< 1 Samuël 15 >

1 Eens sprak Samuël tot Saul: Jahweh heeft mij gezonden, om u tot koning te zalven over mijn volk Israël; luister dus naar Jahweh’s bevel.
[One day] Samuel said to Saul, “Yahweh sent me to appoint you to be the king of the Israeli people. So now listen to this message from Yahweh:
2 Zo spreekt Jahweh der heirscharen! Ik wil wreken, wat Amalek tegen Israël heeft misdreven, door Israël de weg te versperren, toen het optrok uit Egypte.
Yahweh, [the commander] of the armies [of angels] has declared this: ‘I am going to punish [the descendants of] Amalek for [attacking] the Israeli people after the Israelis left Egypt.
3 Daarom moet ge Amalek gaan verslaan, en alles wat hem toebehoort met de banvloek treffen; zonder genade moet ge mannen en vrouwen, kinderen en zuigelingen, runderen en schapen, ezels en kamelen doden.
So now go [with your army] and attack the Amalek people-group.
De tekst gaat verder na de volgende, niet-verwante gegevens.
lemma edge_phase_cost_le:
  assumes "simple_graph VG EG" "simple_graph VH EH" "adj_lists VG EG NG" "adj_lists VH EH NH"
    and "distinct cv" "set cv \<subseteq> VG \<times> VH" and "0 \<le> TE"
  shows "snd (edge_phase kE TE NG NH prec cv)
    \<le> real (card VG * card VH) + 16 * real (card EG * card EH) * (TE + 3)"
proof -
  define deg where "deg = (\<lambda>us. real (card (nbhd EG (fst us))) * real (card (nbhd EH (snd us))))"
  have "(\<Sum>vt\<leftarrow>candidates NG NH us. estep_cost kE TE prec cv us vt) \<le> deg us * (TE + 3)"
    if "us \<in> VG \<times> VH" for us
  proof -
    have "(\<Sum>vt\<leftarrow>candidates NG NH us. estep_cost kE TE prec cv us vt)
          \<le> (\<Sum>vt\<leftarrow>candidates NG NH us. TE + 3)"
      using \<open>0 \<le> TE\<close> by (intro sum_list_mono) (simp add: estep_cost_def)
    also have "\<dots> = deg us * (TE + 3)"
      using assms(3,4) that
      by (auto simp: sum_list_triv deg_def adj_lists_def distinct_card[symmetric])
    finally show ?thesis .
  qed
  then have "snd (edge_phase kE TE NG NH prec cv) \<le> (\<Sum>us\<leftarrow>cv. 1 + deg us * (TE + 3))"
    using assms(6) by (auto simp: edge_phase_eq intro!: sum_list_mono)
  also have "\<dots> = (\<Sum>us\<in>set cv. 1 + deg us * (TE + 3))"
    using \<open>distinct cv\<close> by (rule sum_list_distinct_conv_sum_set)
  also have "\<dots> \<le> (\<Sum>us\<in>VG \<times> VH. 1 + deg us * (TE + 3))"
    using assms(1,2,6,7) unfolding simple_graph_def deg_def by (intro sum_mono2) auto
  also have "\<dots> = real (card VG * card VH) + (\<Sum>us\<in>VG \<times> VH. deg us) * (TE + 3)"
    by (simp add: sum.distrib card_cartesian_product flip: sum_distrib_right)
  also have "(\<Sum>us\<in>VG \<times> VH. deg us)
      = (\<Sum>u\<in>VG. real (card (nbhd EG u))) * (\<Sum>s\<in>VH. real (card (nbhd EH s)))"
    unfolding deg_def by (simp add: sum_product sum.cartesian_product split_def)
  also have "real (card VG * card VH) + \<dots> * (TE + 3)
      \<le> real (card VG * card VH) + (4 * real (card EG)) * (4 * real (card EH)) * (TE + 3)"
    using sum_degree_le[OF assms(1)] sum_degree_le[OF assms(2)] \<open>0 \<le> TE\<close>
    by (intro add_left_mono mult_right_mono mult_mono) (auto intro: sum_nonneg)
  finally show ?thesis by simp
qed

theorem proposition8:
  "\<exists>C::real. \<forall>(VG::'a set) EG (VH::'b set) EH kV kE TV TE xs ys NG NH prec.
     simple_graph VG EG \<and> simple_graph VH EH \<and> 1 \<le> TV \<and> 1 \<le> TE \<and>
     distinct xs \<and> set xs = VG \<and> distinct ys \<and> set ys = VH \<and>
     adj_lists VG EG NG \<and> adj_lists VH EH NH \<and>
     strict_linear_order_on (dp_vertices VG VH kV) prec \<longrightarrow>
     (case dp_algorithm kV kE TV TE xs ys NG NH prec of (vs, es, c) \<Rightarrow>
        represents_dp VG EG VH EH kV kE vs es \<and>
        c \<le> C * (real (card VG * card VH) * TV + real (card EG * card EH) * TE))"
proof (intro exI[of _ 64] allI impI, elim conjE)
  fix VG :: "'a set" and EG :: "'a set set" and VH :: "'b set" and EH :: "'b set set"
    and kV :: "'a \<Rightarrow> 'b \<Rightarrow> real" and kE :: "'a set \<Rightarrow> 'b set \<Rightarrow> real" and TV TE :: real
    and xs :: "'a list" and ys :: "'b list" and NG :: "'a \<Rightarrow> 'a list" and NH :: "'b \<Rightarrow> 'b list"
    and prec :: "('a \<times> 'b) rel"
  assume gG: "simple_graph VG EG" and gH: "simple_graph VH EH" and "1 \<le> TV" "1 \<le> TE"
    and xs: "distinct xs" "set xs = VG" and ys: "distinct ys" "set ys = VH"
    and aG: "adj_lists VG EG NG" and aH: "adj_lists VH EH NH"
    and prec: "strict_linear_order_on (dp_vertices VG VH kV) prec"
  obtain vs c1 where vp: "vertex_phase kV TV xs ys = (vs, c1)" by fastforce
  obtain es c2 where ep: "edge_phase kE TE NG NH prec (map fst vs) = (es, c2)" by fastforce
  note V = vertex_phase_represents[OF xs ys vp]
  note E = edge_phase_represents[OF gG aG aH V(1,2) prec ep]
  define n where "n = real (card VG * card VH)"
  define m where "m = real (card EG * card EH)"
  have "c1 \<le> n * TV + 2 * n"
    using vertex_phase_cost_le[OF xs(1) ys(1), of kV TV] xs ys
    by (simp add: vp n_def distinct_card[symmetric] algebra_simps)
  moreover have "c2 \<le> n + 16 * (m * TE) + 48 * m"
    using edge_phase_cost_le[OF gG gH aG aH V(1), where kE = kE and prec = prec and TE = TE]
      V(2) \<open>1 \<le> TE\<close> by (auto simp: ep n_def m_def dp_vertices_def algebra_simps)
  moreover have "n \<le> n * TV" "m \<le> m * TE" "0 \<le> n" "0 \<le> m"
    using mult_left_mono[OF \<open>1 \<le> TV\<close>, of n] mult_left_mono[OF \<open>1 \<le> TE\<close>, of m]
    by (simp_all add: n_def m_def)
  ultimately have "c1 + c2 \<le> 64 * (n * TV + m * TE)" unfolding distrib_left by linarith
  then show "case dp_algorithm kV kE TV TE xs ys NG NH prec of (vs, es, c) \<Rightarrow>
      represents_dp VG EG VH EH kV kE vs es \<and>
      c \<le> 64 * (real (card VG * card VH) * TV + real (card EG * card EH) * TE)"
    using V E by (simp add: dp_algorithm_def vp ep represents_dp_def n_def m_def)
qed

end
Destroy them completely—destroy them and everything that belongs to them—the men and women, their children and infants, their cattle and sheep and camels and donkeys. Do not (spare any of them/allow any of them to remain alive)!’”
4 Saul riep dus het volk op, en monsterde het in Télam: tweehonderdduizend man voetvolk en tienduizend Judeërs.
So Saul summoned the army, and they gathered at Telaim [town]. There were 200,000 soldiers. 10,000 of them were from Judah, [and the others were from the other Israeli tribes].
5 Hij kwam voor de hoofdstad van Amalek, legde zich in een dal in hinderlaag,
Then Saul went [with his army] to a town where some of the Amalek people-group lived. [His army prepared to attack them suddenly by] hiding in the valley.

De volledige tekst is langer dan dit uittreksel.